A globally convergent algorithm for nonconvex optimization based on block coordinate update

TL;DR

This paper introduces a globally convergent block coordinate update algorithm for nonconvex optimization, proving convergence to critical points and demonstrating efficiency through applications in matrix and tensor factorization.

Contribution

It establishes the first convergence proof for the entire iterate sequence of a block coordinate method in nonconvex settings, under broad conditions including the KL property.

Findings

Proves convergence of the full sequence to a critical point.

Shows the algorithm's effectiveness in nonnegative matrix and tensor factorization.

Demonstrates global convergence of coordinate descent and modified rank-one residue methods.

Abstract

Nonconvex optimization problems arise in many areas of computational science and engineering and are (approximately) solved by a variety of algorithms. Existing algorithms usually only have local convergence or subsequence convergence of their iterates. We propose an algorithm for a generic nonconvex optimization formulation, establish the convergence of its whole iterate sequence to a critical point along with a rate of convergence, and numerically demonstrate its efficiency. Specially, we consider the problem of minimizing a nonconvex objective function. Its variables can be treated as one block or be partitioned into multiple disjoint blocks. It is assumed that each non-differentiable component of the objective function or each constraint applies to one block of variables.

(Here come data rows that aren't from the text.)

lemma sum_inverse_dyadic_radii_le:
  fixes r \<eta> :: real
  assumes "1 \<le> m" "0 < r"
  shows "(\<Sum>k | k < J \<and> r < \<eta> / 2 ^ k. inverse ((\<eta> / 2 ^ k) ^ m)) \<le> 2 / r ^ m"
    (is "sum _ ?S \<le> _")
proof (cases "?S = {}")
  case True
  then show ?thesis using \<open>0 < r\<close> by (simp only: sum.empty) simp
next
  case False
  define j where "j = Max ?S"
  have "finite ?S" by simp
  then have "r < \<eta> / 2 ^ j" and S_le: "?S \<subseteq> {..j}"
    using Max_in[OF _ False] unfolding j_def by auto
  then have "0 < \<eta> / 2 ^ j" using \<open>0 < r\<close> by linarith
  then have "0 < \<eta>" by (simp add: zero_less_divide_iff)
  have "2 \<le> (2::real) ^ m" using \<open>1 \<le> m\<close> by (metis power_one_right power_increasing one_le_numeral)
  have term_eq: "inverse ((\<eta> / 2 ^ k) ^ m) = ((2::real) ^ m) ^ k / \<eta> ^ m" for k
    by (simp add: field_simps flip: power_mult power_mult_distrib)
  have "(\<Sum>k\<in>?S. inverse ((\<eta> / 2 ^ k) ^ m)) \<le> (\<Sum>k\<le>j. ((2::real) ^ m) ^ k) / \<eta> ^ m"
    unfolding term_eq sum_divide_distrib[symmetric]
    by (intro divide_right_mono sum_mono2 S_le) (auto simp: \<open>0 < \<eta>\<close> less_imp_le)
  also have "\<dots> \<le> 2 * ((2::real) ^ m) ^ j / \<eta> ^ m"
    by (intro divide_right_mono sum_atMost_power_le \<open>2 \<le> 2 ^ m\<close>) (use \<open>0 < \<eta>\<close> in simp)
  also have "\<dots> = 2 / (\<eta> / 2 ^ j) ^ m"
    using term_eq[of j] by (simp add: divide_inverse)
  also have "\<dots> \<le> 2 / r ^ m"
    using \<open>0 < r\<close> \<open>r < \<eta> / 2 ^ j\<close> by (intro divide_left_mono power_mono mult_pos_pos) auto
  finally show ?thesis .
qed

lemma dyadic_indicator_sum_le_inverse_power:
  fixes r \<eta> :: real
  assumes "1 \<le> m" "0 \<le> r"
  shows "(\<Sum>k<J. ennreal (inverse ((\<eta> / 2 ^ k) ^ m) / 2) * indicator {..<\<eta> / 2 ^ k} r)
    \<le> inverse (ennreal (r ^ m))"
proof (cases "r = 0")
  case True
  then have "r ^ m = 0" using \<open>1 \<le> m\<close> by simp
  then have "inverse (ennreal (r ^ m)) = \<top>" by (simp only: ennreal_0 ennreal_inverse_zero)
  then show ?thesis by simp
next
  case False
  then have "0 < r" using \<open>0 \<le> r\<close> by simp
  let ?a = "\<lambda>k. inverse ((\<eta> / 2 ^ k) ^ m) / 2"
  have "(\<Sum>k<J. ennreal (?a k) * indicator {..<\<eta> / 2 ^ k} r)
      = (\<Sum>k<J. ennreal (if r < \<eta> / 2 ^ k then ?a k else 0))"
    by (intro sum.cong) (auto simp: indicator_def)
  also have "\<dots> = ennreal (\<Sum>k<J. if r < \<eta> / 2 ^ k then ?a k else 0)"
  proof (rule sum_ennreal)
    fix k
    have "r < \<eta> / 2 ^ k \<Longrightarrow> 0 \<le> \<eta> / 2 ^ k" using \<open>0 < r\<close> by linarith
    then show "0 \<le> (if r < \<eta> / 2 ^ k then ?a k else 0)" by simp
  qed
  also have "\<dots> = ennreal (\<Sum>k | k < J \<and> r < \<eta> / 2 ^ k. ?a k)"
    unfolding sum.inter_filter[OF finite_lessThan, symmetric] by simp
  also have "\<dots> \<le> ennreal (inverse (r ^ m))"
  proof (intro ennreal_leI)
    have "(\<Sum>k | k < J \<and> r < \<eta> / 2 ^ k. ?a k)
        = (\<Sum>k | k < J \<and> r < \<eta> / 2 ^ k. inverse ((\<eta> / 2 ^ k) ^ m)) / 2"
      by (rule sum_divide_distrib[symmetric])
    also have "\<dots> \<le> (2 / r ^ m) / 2"
      using sum_inverse_dyadic_radii_le[OF \<open>1 \<le> m\<close> \<open>0 < r\<close>] by (rule divide_right_mono) simp
    also have "\<dots> = inverse (r ^ m)"
      by (simp add: inverse_eq_divide)
    finally show "(\<Sum>k | k < J \<and> r < \<eta> / 2 ^ k. ?a k) \<le> inverse (r ^ m)" .
  qed
  also have "\<dots> = inverse (ennreal (r ^ m))"
    using \<open>0 < r\<close> by (simp add: inverse_ennreal)
  finally show ?thesis .
qed

lemma nn_integral_inverse_power_eq_infinity:
  fixes f :: "'b \<Rightarrow> real"
  assumes "finite_measure M" "f \<in> borel_measurable M" "\<And>\<omega>. \<omega> \<in> space M \<Longrightarrow> 0 \<le> f \<omega>"
    and "1 \<le> m" "0 < c" "0 < \<eta>"
    and small_balls: "\<And>\<epsilon>. 0 < \<epsilon> \<Longrightarrow> \<epsilon> < \<eta> \<Longrightarrow> c * \<epsilon> ^ m \<le> measure M {\<omega> \<in> space M. f \<omega> < \<epsilon>}"
  shows "(\<integral>\<^sup>+ \<omega>. inverse (ennreal (f \<omega> ^ m)) \<partial>M) = \<infinity>"
proof -
  interpret finite_measure M by fact
  define \<rho> where "\<rho> k = \<eta> / 2 / 2 ^ k" for k :: nat
  define A where "A k = {\<omega> \<in> space M. f \<omega> < \<rho> k}" for k
  define g where "g J \<omega> = (\<Sum>k<J. ennreal (inverse (\<rho> k ^ m) / 2) * indicator (A k) \<omega>)" for J \<omega>
  have \<rho>_pos: "0 < \<rho> k" and \<rho>_less: "\<rho> k < \<eta>" for k
  proof -
    have "(1::real) \<le> 2 ^ k" by simp
    then have "1 < 2 * (2::real) ^ k" by linarith
    then show "0 < \<rho> k" "\<rho> k < \<eta>" unfolding \<rho>_def using \<open>0 < \<eta>\<close> by (auto simp: field_simps)
  qed
  have A_sets[measurable]: "A k \<in> sets M" for k unfolding A_def using assms(2) by measurable
  have g_le: "g J \<omega> \<le> inverse (ennreal (f \<omega> ^ m))" if "\<omega> \<in> space M" for J \<omega>
  proof -
    have "g J \<omega> = (\<Sum>k<J. ennreal (inverse ((\<eta> / 2 / 2 ^ k) ^ m) / 2)
        * indicator {..<\<eta> / 2 / 2 ^ k} (f \<omega>))"
      unfolding g_def A_def \<rho>_def using that by (intro sum.cong) (auto simp: indicator_def)
    also have "\<dots> \<le> inverse (ennreal (f \<omega> ^ m))"
      by (rule dyadic_indicator_sum_le_inverse_power[OF \<open>1 \<le> m\<close> assms(3)[OF that]])
    finally show ?thesis .
  qed
  have g_ge: "of_nat J * ennreal (c / 2) \<le> (\<integral>\<^sup>+ \<omega>. g J \<omega> \<partial>M)" for J
  proof -
    have "ennreal (c / 2) \<le> ennreal (inverse (\<rho> k ^ m) / 2) * emeasure M (A k)" for k
    proof -
      have "c * \<rho> k ^ m \<le> measure M (A k)"
        unfolding A_def using small_balls[OF \<rho>_pos \<rho>_less] .
      then have "c / 2 \<le> inverse (\<rho> k ^ m) / 2 * measure M (A k)"
        using \<rho>_pos[of k] by (simp add: field_simps)
      then show ?thesis
        using \<rho>_pos[of k] by (simp add: emeasure_eq_measure ennreal_mult'[symmetric] ennreal_leI)
    qed
    then have "of_nat J * ennreal (c / 2) \<le> (\<Sum>k<J. ennreal (inverse (\<rho> k ^ m) / 2) * emeasure M (A k))"
      using sum_mono[of "{..<J}" "\<lambda>_. ennreal (c / 2)"] by simp
    also have "\<dots> = (\<integral>\<^sup>+ \<omega>. g J \<omega> \<partial>M)"
      unfolding g_def
      by (subst nn_integral_sum) (measurable, simp add: A_sets nn_integral_cmult_indicator)
    finally show ?thesis .
  qed
  have "of_nat J * ennreal (c / 2) \<le> (\<integral>\<^sup>+ \<omega>. inverse (ennreal (f \<omega> ^ m)) \<partial>M)" for J
    using g_ge[of J] nn_integral_mono[OF g_le] by (rule order_trans)
  then have "(SUP J. of_nat J) * ennreal (c / 2) \<le> (\<integral>\<^sup>+ \<omega>. inverse (ennreal (f \<omega> ^ m)) \<partial>M)"
    by (simp add: SUP_mult_right_ennreal SUP_least)
  then show ?thesis
    using \<open>0 < c\<close> by (simp add: ennreal_SUP_of_nat_eq_top top_unique)
qed

lemma measure_small_ball_dominated:
  fixes f g :: "'b \<Rightarrow> real"
  assumes "finite_measure M" "g \<in> borel_measurable M" "0 < C"
    and "\<And>\<omega>. \<omega> \<in> space M \<Longrightarrow> g \<omega> \<le> C * f \<omega>"
    and "c * (\<epsilon> / C) ^ m \<le> measure M {\<omega> \<in> space M. f \<omega> < \<epsilon> / C}"
  shows "c / C ^ m * \<epsilon> ^ m \<le> measure M {\<omega> \<in> space M. g \<omega> < \<epsilon>}"
proof -
  have "c / C ^ m * \<epsilon> ^ m = c * (\<epsilon> / C) ^ m" by (simp add: power_divide)
  also have "\<dots> \<le> measure M {\<omega> \<in> space M. f \<omega> < \<epsilon> / C}" by fact
  also have "\<dots> \<le> measure M {\<omega> \<in> space M. g \<omega> < \<epsilon>}"
  proof (rule finite_measure.finite_measure_mono[OF assms(1)])
    show "{\<omega> \<in> space M. f \<omega> < \<epsilon> / C} \<subseteq> {\<omega> \<in> space M. g \<omega> < \<epsilon>}"
      using assms(3,4) by (auto simp: field_simps intro: le_less_trans)
    show "{\<omega> \<in> space M. g \<omega> < \<epsilon>} \<in> sets M"
      using assms(2) by measurable
  qed
  finally show ?thesis .
qed

lemma mould_small_ball_bound:
  assumes "x \<in> mould M X m"
  obtains c \<delta> :: real where "0 < c" "0 < \<delta>"
    "\<And>\<epsilon>. 0 < \<epsilon> \<Longrightarrow> \<epsilon> < \<delta> \<Longrightarrow> c * \<epsilon> ^ m \<le> measure M {\<omega> \<in> space M. norm (X \<omega> - x) < \<epsilon>}"
proof -
  let ?q = "\<lambda>\<epsilon>. ereal (measure M {\<omega> \<in> space M. norm (X \<omega> - x) < \<epsilon>} / \<epsilon> ^ m)"
  have "0 < Liminf (at_right 0) ?q" using assms unfolding mould_def by simp
  then obtain c where "0 < ereal c" "ereal c < Liminf (at_right 0) ?q"
    using ereal_dense2 by blast
  then have "eventually (\<lambda>\<epsilon>. ereal c < ?q \<epsilon>) (at_right 0)" by (intro less_LiminfD)
  then obtain \<delta> where "0 < \<delta>" and q_gt: "\<And>\<epsilon>. 0 < \<epsilon> \<Longrightarrow> \<epsilon> < \<delta> \<Longrightarrow> ereal c < ?q \<epsilon>"
    unfolding eventually_at_right_field by auto
  show ?thesis
  proof
    show "0 < c" using \<open>0 < ereal c\<close> by simp
    fix \<epsilon> :: real assume "0 < \<epsilon>" "\<epsilon> < \<delta>"
    then show "c * \<epsilon> ^ m \<le> measure M {\<omega> \<in> space M. norm (X \<omega> - x) < \<epsilon>}"
      using q_gt[of \<epsilon>] by (simp add: field_simps)
  qed fact
qed

theorem mainTheorem4:
  fixes M :: "'b measure" and X :: "'b \<Rightarrow> 'a::euclidean_space"
    and m :: nat and x :: 'a and N :: "'a \<Rightarrow> real"
  assumes "prob_space M"
    and "X \<in> borel_measurable M"
    and "m \<ge> 1"
    and "x \<in> mould M X m"
    and "is_norm N"
  shows "(\<integral>\<^sup>+ \<omega>. inverse (ennreal (N (X \<omega> - x) ^ m)) \<partial>M) = \<infinity>"
proof -
  interpret prob_space M by fact
  obtain c \<delta> where "0 < c" "0 < \<delta>" and euclidean_balls:
    "\<And>\<epsilon>. 0 < \<epsilon> \<Longrightarrow> \<epsilon> < \<delta> \<Longrightarrow> c * \<epsilon> ^ m \<le> measure M {\<omega> \<in> space M. norm (X \<omega> - x) < \<epsilon>}"
    using mould_small_ball_bound[OF assms(4)] by blast
  obtain C where "0 < C" and N_le: "\<And>v. N v \<le> C * norm v"
    using is_norm_le_norm[OF assms(5)] by blast
  have N_measurable[measurable]: "N \<in> borel_measurable borel"
    using is_norm_borel_measurable[OF assms(5)] .
  have "c / C ^ m * \<epsilon> ^ m \<le> measure M {\<omega> \<in> space M. N (X \<omega> - x) < \<epsilon>}"
    if "0 < \<epsilon>" "\<epsilon> < C * \<delta>" for \<epsilon>
    using that \<open>0 < C\<close> assms(2)
    by (intro measure_small_ball_dominated[where f = "\<lambda>\<omega>. norm (X \<omega> - x)"] euclidean_balls N_le)
      (simp_all add: finite_measure_axioms field_simps)
  with assms(2,3) \<open>0 < c\<close> \<open>0 < C\<close> \<open>0 < \<delta>\<close> show ?thesis
    by (intro nn_integral_inverse_power_eq_infinity[where c = "c / C ^ m" and \<eta> = "C * \<delta>"])
      (simp_all add: finite_measure_axioms is_norm_nonneg[OF assms(5)])
qed

end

The differentiable components of the objective function, however, can apply to one or multiple blocks of variables together. Our algorithm updates one block of variables at time by minimizing a certain prox-linear surrogate. The order of update can be either deterministic or randomly shuffled in each round. We obtain the convergence of the whole iterate sequence under fairly loose conditions including, in particular, the Kurdyka-{\L}ojasiewicz (KL) condition, which is satisfied by a broad class of nonconvex/nonsmooth applications. We apply our convergence result to the coordinate descent method for non-convex regularized linear regression and also a modified rank-one residue iteration method for nonnegative matrix factorization. We show that both the methods have global convergence. Numerically, we test our algorithm on nonnegative matrix and tensor factorization problems, with random shuffling enable to avoid local solutions.